Mark Fedorcik, who runs debt capital markets, becomes head of the US corporate and investment bank, according to an internal memo. He replaces Paul Stefanick, who is elevated to global chairman of that business.
Stefanick, a veteran merger banker, joined Deutsche Bank in 2009 from Merrill Lynch and had been tapped to raise its M&A profile in the US. He will now focus on solidifying Deutsche’s relationship with top clients, according to the memo.
Fedorcik has overseen Deutsche’s debt capital markets business since last November, when Deutsche Bank last shook up its investment banking leadership. He formerly ran leveraged finance, helping companies with low credit ratings raise debt.
That’s a strength for Deutsche, which ranks third this year in high-yield bonds, and is traditionally top-three in risky bank debt known as leveraged loans.

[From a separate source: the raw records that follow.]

(* Let $m\ge 2$ and let $n_1,\dots,n_m\ge 3$ be odd integers. Then the partition dimension of the odd chain cycle $\mathcal{C}(C_{n_1},\dots,C_{n_m})$ equals $3$.
   Context: Let $C_{n_1},\dots,C_{n_m}$ be pairwise disjoint cycles, $V(C_{n_i})=\{v^i_1,\dots,v^i_{n_i}\}$ with $v^i_j$ adjacent to $v^i_{j+1}$ (indices mod $n_i$). The odd chain cycle $\mathcal{C}(C_{n_1},\dots,C_{n_m})$ (all $n_i$ odd) is obtained from the disjoint union of these cycles by identifying $v^i_{(n_i+1)/2+1}$ with $v^{i+1}_1$ for each $i=1,\dots,m-1$. For an ordered partition $\Pi=\{Q_1,\dots,Q_k\}$ of $V(G)$, $r(v\mid\Pi)=(d(v,Q_1),\dots,d(v,Q_k))$ where $d(v,Q)=\min_{q\in Q}d(v,q)$; $\Pi$ is resolving if distinct vertices have distinct representations; the partition dimension $pd(G)$ is the minimum $k$ for which a resolving $k$-partition exists. *)

theory Defs
  imports Main
begin

inductive walk :: "('a \<Rightarrow> 'a \<Rightarrow> bool) \<Rightarrow> nat \<Rightarrow> 'a \<Rightarrow> 'a \<Rightarrow> bool" for E where
  walk0: "walk E 0 u u"
| walkS: "E u w \<Longrightarrow> walk E k w v \<Longrightarrow> walk E (Suc k) u v"

definition gdist :: "('a \<Rightarrow> 'a \<Rightarrow> bool) \<Rightarrow> 'a \<Rightarrow> 'a \<Rightarrow> nat" where
  "gdist E u v = (LEAST k. walk E k u v)"

definition setdist :: "('a \<Rightarrow> 'a \<Rightarrow> bool) \<Rightarrow> 'a \<Rightarrow> 'a set \<Rightarrow> nat" where
  "setdist E v Q = Min (gdist E v ` Q)"

definition ordered_partition :: "'a set \<Rightarrow> 'a set list \<Rightarrow> bool" where
  "ordered_partition V P \<longleftrightarrow>
     (\<forall>Q\<in>set P. Q \<noteq> {}) \<and> \<Union>(set P) = V \<and>
     (\<forall>i<length P. \<forall>j<length P. i \<noteq> j \<longrightarrow> P!i \<inter> P!j = {})"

It recently led a junior bank loan for William Morris Endeavor’s $ 4.4 billion takeover of mixed-martial arts production company Ultimate Fighting Championship, and is helping finance takeovers of premium movie channel Starz and Rackspace Hosting.
Elevating Fedorcik, who started at Bankers Trust and joined Deutsche Bank in the 1999 merger of the two, puts a spotlight on one of the bank’s best businesses as it copes with a falling stock price, down 45% this year, and a long list of regulatory troubles.
A handful of senior bankers have departed. The co-heads of M&A in the Americas left earlier this summer, Anthony Whittemore for Barclays and Jim Ratigan for healthcare boutique Leerink Partners. Jacques Brand, chief executive of Deutsche’s North American operations, departed in May for boutique merger shop PJT Partners.
In the past year, Deutsche Bank has tried to build a cleaner investment bank, unveiling a series of moves meant to simplify reporting lines and better integrate its US and European operations.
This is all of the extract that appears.